Die Neuregelung bedeutete einen scharfen Einschnitt und ging deutlich über den 2002 von Rot-Grün besiegelten Atomausstieg hinaus. Der damalige «Atomkonsens» mit den Konzernen lief zwar ebenfalls darauf hinaus, dass alle Meiler nach und nach vom Netz gehen. Geregelt war das aber über Reststrommengen, deren Erzeugung noch garantiert wurde.
Die Verfassungsrichter beanstanden nun nicht die Streichung der Extra-Strommengen von 2010. In die 2002 zugeteilten Mengen durften die Konzerne dem Urteil zufolge aber vertrauen. In Kauf zu nehmen, dass Teile davon durch feste Abschalttermine ungenutzt verfallen, sei «unzumutbar, teilweise auch gleichheitswidrig». Das begründet Ansprüche von RWE und Vattenfall, die konzernintern nicht mehr alle Kapazitäten auf andere Kraftwerke umschichten konnten.
Das Urteil verpflichtet auch zum Ausgleich aller Investitionen, die im Vertrauen in die Laufzeitverlängerung zunächst getätigt wurden. Das betrifft die Zeit zwischen Dezember 2010 und März 2011 und kann allen Versorgern zugute kommen. Sie hätten nicht mit einer derart schnellen Kehrtwende rechnen müssen (Az. 1 BvR 2821/11 u.a.).
Bei Vattenfall war bis zuletzt unklar, ob sich der schwedische Staatskonzern überhaupt auf deutsche Grundrechte berufen kann. Ausnahmsweise ist das möglich – ansonsten hätte das Unternehmen keine Möglichkeit, sich in Deutschland vor Gericht gegen den Atomausstieg zu wehren. Der Konzern streitet zusätzlich vor einem Schiedsgericht in den USA um 4,7 Milliarden Euro Entschädigung.

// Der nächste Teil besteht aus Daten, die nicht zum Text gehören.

lemma eigen_shift_carrier: "eigen_shift n us lam k c \<in> carrier_mat n n"
  unfolding eigen_shift_def by auto

lemma hermitian_eigen_shift: "hermitian n (eigen_shift n us lam k c)"
  unfolding hermitian_def eigen_shift_def by (auto simp: mult.commute mult.left_commute)

lemma index_eigen_shift_mult_vec:
  assumes "\<And>i. i < k \<Longrightarrow> us i \<in> carrier_vec n" "y \<in> carrier_vec n" "a < n"
  shows "(eigen_shift n us lam k c *\<^sub>v y) $ a = (\<Sum>i<k. of_real (c - lam i) * us i $ a * cinner (us i) y)"
proof -
  have "(eigen_shift n us lam k c *\<^sub>v y) $ a
      = (\<Sum>b<n. (\<Sum>i<k. of_real (c - lam i) * us i $ a * cnj (us i $ b)) * y $ b)"
    using index_mult_mat_vec_sum[OF eigen_shift_carrier assms(2,3)] assms(3)
    unfolding eigen_shift_def by (auto intro!: sum.cong)
  also have "\<dots> = (\<Sum>i<k. \<Sum>b<n. of_real (c - lam i) * us i $ a * (cnj (us i $ b) * y $ b))"
    by (subst sum.swap) (simp add: sum_distrib_right mult.assoc)
  also have "\<dots> = (\<Sum>i<k. of_real (c - lam i) * us i $ a * cinner (us i) y)"
    using assms(1) carrier_vecD by (auto simp: cinner_def sum_distrib_left intro!: sum.cong)
  finally show ?thesis .
qed

lemma eigen_shift_mult_member:
  assumes "\<And>i. i < k \<Longrightarrow> us i \<in> carrier_vec n" "orthonormal k us" "l < k"
  shows "eigen_shift n us lam k c *\<^sub>v us l = of_real (c - lam l) \<cdot>\<^sub>v us l"
proof (rule eq_vecI)
  fix a assume "a < dim_vec (of_real (c - lam l) \<cdot>\<^sub>v us l)"
  moreover have dim_l: "dim_vec (us l) = n" using assms(1)[OF assms(3)] by auto
  ultimately have a: "a < n" by simp
  have "(eigen_shift n us lam k c *\<^sub>v us l) $ a
      = (\<Sum>i<k. of_real (c - lam i) * us i $ a * (if i = l then 1 else 0))"
    using index_eigen_shift_mult_vec[OF assms(1) _ a] assms unfolding orthonormal_def
    by (auto intro!: sum.cong)
  then show "(eigen_shift n us lam k c *\<^sub>v us l) $ a = (of_real (c - lam l) \<cdot>\<^sub>v us l) $ a"
    using assms(3) a dim_l by (simp add: if_distrib sum.delta' cong: if_cong)
qed (use assms(1)[OF assms(3)] in \<open>auto simp: eigen_shift_def\<close>)

lemma eigen_shift_mult_orthogonal:
  assumes "\<And>i. i < k \<Longrightarrow> us i \<in> carrier_vec n" "y \<in> carrier_vec n" "\<And>i. i < k \<Longrightarrow> cinner (us i) y = 0"
  shows "eigen_shift n us lam k c *\<^sub>v y = 0\<^sub>v n"
  by (rule eq_vecI) (use index_eigen_shift_mult_vec[OF assms(1,2)] assms in \<open>auto simp: eigen_shift_def\<close>)

lemma trace_eigen_shift:
  assumes "\<And>i. i < k \<Longrightarrow> us i \<in> carrier_vec n" "orthonormal k us"
  shows "trace_mat (eigen_shift n us lam k c) = (\<Sum>i<k. of_real (c - lam i))"
proof -
  have "trace_mat (eigen_shift n us lam k c)
      = (\<Sum>i<k. of_real (c - lam i) * (\<Sum>a<n. cnj (us i $ a) * us i $ a))"
    unfolding trace_mat_def eigen_shift_def
    by (simp add: sum.swap[of _ "{..<n}"] sum_distrib_left mult_ac)
  also have "\<dots> = (\<Sum>i<k. of_real (c - lam i))"
  proof (rule sum.cong[OF refl])
    fix i assume "i \<in> {..<k}"
    then have "cinner (us i) (us i) = 1" "dim_vec (us i) = n"
      using assms unfolding orthonormal_def by auto
    then show "of_real (c - lam i) * (\<Sum>a<n. cnj (us i $ a) * us i $ a) = of_real (c - lam i)"
      unfolding cinner_def by simp
  qed
  finally show ?thesis .
qed

lemma trace_eigen_shift_neq:
  fixes lam :: "nat \<Rightarrow> real"
  assumes A: "A \<in> carrier_mat n n" and k: "k < n"
    and us: "\<And>i. i < k \<Longrightarrow> us i \<in> carrier_vec n" and on: "orthonormal k us"
  defines "c \<equiv> (Re (trace_mat A) - (\<Sum>i<k. lam i)) / real (n - k) + 1"
  shows "trace_mat (A + eigen_shift n us lam k c) \<noteq> of_nat n * of_real c"
proof
  assume "trace_mat (A + eigen_shift n us lam k c) = of_nat n * of_real c"
  moreover have "trace_mat (A + eigen_shift n us lam k c) = trace_mat A + (\<Sum>i<k. of_real (c - lam i))"
    using trace_mat_add[OF A eigen_shift_carrier] trace_eigen_shift[OF us on] by simp
  ultimately have "Re (trace_mat A + (\<Sum>i<k. of_real (c - lam i))) = Re (of_nat n * of_real c)"
    by simp
  then have "Re (trace_mat A) + (\<Sum>i<k. (c - lam i)) = real n * c"
    by (simp add: Re_sum)
  then have "Re (trace_mat A) + real k * c - (\<Sum>i<k. lam i) = real n * c"
    by (simp add: sum_subtractf)
  moreover have "real (n - k) * c = Re (trace_mat A) - (\<Sum>i<k. lam i) + real (n - k)"
    unfolding c_def using k by (simp add: field_simps)
  ultimately show False using k by (simp add: of_nat_diff algebra_simps)
qed

lemma exists_eigenvector_orthogonal:
  assumes A: "hermitian n A" and k: "k < n"
    and us: "\<And>i. i < k \<Longrightarrow> us i \<in> carrier_vec n"
    and eig: "\<And>i. i < k \<Longrightarrow> A *\<^sub>v us i = of_real (lam i) \<cdot>\<^sub>v us i"
    and on: "orthonormal k us"
  shows "\<exists>x e. x \<in> carrier_vec n \<and> x \<noteq> 0\<^sub>v n \<and> A *\<^sub>v x = of_real e \<cdot>\<^sub>v x
               \<and> (\<forall>i<k. cinner (us i) x = 0)"
proof -
  \<comment> \<open>Move the known eigenvalues to a value c that the trace of A forbids as the only eigenvalue.\<close>
  define c where "c = (Re (trace_mat A) - (\<Sum>i<k. lam i)) / real (n - k) + 1"
  define B where "B = A + eigen_shift n us lam k c"
  have Ac: "A \<in> carrier_mat n n" by (rule hermitian_carrier[OF A])
  have Bc: "B \<in> carrier_mat n n" unfolding B_def using Ac eigen_shift_carrier by auto
  have Bh: "hermitian n B" unfolding B_def by (rule hermitian_add[OF A hermitian_eigen_shift])
  have Bx: "B *\<^sub>v x = A *\<^sub>v x + eigen_shift n us lam k c *\<^sub>v x" if "x \<in> carrier_vec n" for x
    unfolding B_def by (rule add_mult_distrib_mat_vec[OF Ac eigen_shift_carrier that])
  have Bu: "B *\<^sub>v us l = of_real c \<cdot>\<^sub>v us l" if l: "l < k" for l
    using Bx[OF us[OF l]] eig[OF l] eigen_shift_mult_member[OF us on l]
    by (auto simp: algebra_simps add_smult_distrib_vec[symmetric])
  have "trace_mat B \<noteq> of_nat n * of_real c"
    unfolding B_def c_def by (rule trace_eigen_shift_neq[OF Ac k us on])
  then obtain e x where e: "e \<noteq> of_real c" and x: "x \<in> carrier_vec n" "x \<noteq> 0\<^sub>v n" "B *\<^sub>v x = e \<cdot>\<^sub>v x"
    using exists_eigenvalue_neq[OF Bc] Bc unfolding eigenvalue_def eigenvector_def by blast
  have orth: "cinner (us l) x = 0" if l: "l < k" for l
  proof -
    have "e * cinner (us l) x = cinner (B *\<^sub>v us l) x"
      using x us[OF l] cinner_mat_adjoint[OF Bc us[OF l] x(1)]
      by (simp add: mat_adjoint_hermitian[OF Bh] cinner_smult_right)
    also have "\<dots> = of_real c * cinner (us l) x" unfolding Bu[OF l] cinner_smult_left by simp
    finally show ?thesis using e by simp
  qed
  have "A *\<^sub>v x = e \<cdot>\<^sub>v x"
    using Bx[OF x(1)] x(3) eigen_shift_mult_orthogonal[OF us x(1) orth] Ac x(1) by simp
  then have "A *\<^sub>v x = of_real (Re e) \<cdot>\<^sub>v x" using hermitian_eigenvalue_real[OF Bh x] by metis
  then show ?thesis using x orth by blast
qed

lemma orthonormal_eigenvector_extend:
  assumes A: "hermitian n A" and k: "k < n"
    and us: "\<And>i. i < k \<Longrightarrow> us i \<in> carrier_vec n"
    and eig: "\<And>i. i < k \<Longrightarrow> A *\<^sub>v us i = of_real (lam i) \<cdot>\<^sub>v us i"
    and on: "orthonormal k us"
  shows "\<exists>y e. y \<in> carrier_vec n \<and> A *\<^sub>v y = of_real e \<cdot>\<^sub>v y \<and> cinner y y = 1
               \<and> (\<forall>i<k. cinner (us i) y = 0)"
proof -
  obtain x e where x: "x \<in> carrier_vec n" "x \<noteq> 0\<^sub>v n" "A *\<^sub>v x = of_real e \<cdot>\<^sub>v x"
    and orth: "\<forall>i<k. cinner (us i) x = 0"
    using exists_eigenvector_orthogonal[OF A k us eig on] by blast
  define y where "y = of_real (1 / sqrt (sqnorm x)) \<cdot>\<^sub>v x"
  have "A *\<^sub>v y = of_real (1 / sqrt (sqnorm x)) \<cdot>\<^sub>v (of_real e \<cdot>\<^sub>v x)"
    unfolding y_def using mult_mat_vec[OF hermitian_carrier[OF A] x(1)] x(3) by simp
  also have "\<dots> = of_real e \<cdot>\<^sub>v y" unfolding y_def by (simp add: smult_smult_assoc mult.commute)
  finally have "A *\<^sub>v y = of_real e \<cdot>\<^sub>v y" .
  moreover have "cinner y y = 1" unfolding y_def by (rule cinner_normalize[OF x(1,2)])
  moreover have "\<forall>i<k. cinner (us i) y = 0"
    unfolding y_def using orth us x(1) by (simp add: cinner_smult_right)
  moreover have "y \<in> carrier_vec n" unfolding y_def using x(1) by simp
  ultimately show ?thesis by blast
qed

lemma orthonormal_eigenvectors:
  assumes A: "hermitian n A" and "k \<le> n"
  shows "\<exists>us lam. (\<forall>i<k. us i \<in> carrier_vec n \<and> A *\<^sub>v us i = of_real (lam i) \<cdot>\<^sub>v us i)
                  \<and> orthonormal k us"
  using \<open>k \<le> n\<close>
proof (induction k)
  case (Suc k)
  then obtain us lam where us: "\<forall>i<k. us i \<in> carrier_vec n \<and> A *\<^sub>v us i = of_real (lam i) \<cdot>\<^sub>v us i"
    and on: "orthonormal k us" by auto
  obtain y e where y: "y \<in> carrier_vec n" "A *\<^sub>v y = of_real e \<cdot>\<^sub>v y" "cinner y y = 1"
    and orth: "\<forall>i<k. cinner (us i) y = 0"
    using orthonormal_eigenvector_extend[OF A _ _ _ on, of lam] us Suc.prems by auto
  have orth': "cinner y (us i) = 0" if "i < k" for i
    using cinner_cnj_commute[of y "us i"] orth y(1) us that by auto
  have "orthonormal (Suc k) (us(k := y))"
    using on y(3) orth orth' unfolding orthonormal_def by (auto simp: less_Suc_eq)
  moreover have "\<forall>i<Suc k. (us(k := y)) i \<in> carrier_vec n
      \<and> A *\<^sub>v (us(k := y)) i = of_real ((lam(k := e)) i) \<cdot>\<^sub>v (us(k := y)) i"
    using us y by (auto simp: less_Suc_eq)
  ultimately show ?case by blast
qed (simp add: orthonormal_def)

Eine RWE-Sprecherin sagte in Karlsruhe, nun sei der Gesetzgeber gefordert. Von Entschädigungen in Milliardenhöhe gehe sie aber nicht aus. Eon erklärte, man rechne nicht mit kurzfristigen Zahlungen. Das Unternehmen habe im Vertrauen in die schwarz-gelbe Energiepolitik noch einmal Hunderte Millionen Euro investiert. Auch Vattenfall begrüßte das Urteil in einer knappen Mitteilung.
Grünen-Fraktionschef Anton Hofreiter forderte, die Entschädigung auf «das Notwendigste» zu beschränken. Es dürften «nicht erneut Geschenke an die Atomindustrie verteilt werden». SPD-Bundesvize Ralf Stegner machte Kanzlerin Angela Merkel (CDU) mitverantwortlich. «Ihr Zick-Zack-Kurs wird die Steuerzahler Milliarden kosten», meinte er.
Der Bund für Umwelt und Naturschutz warnte davor, Kraftwerken die Laufzeit zu verlängern. Die Risiken erforderten «einen unverzüglichen und endgültigen Atomausstieg», sagte BUND-Chef Hubert Weiger.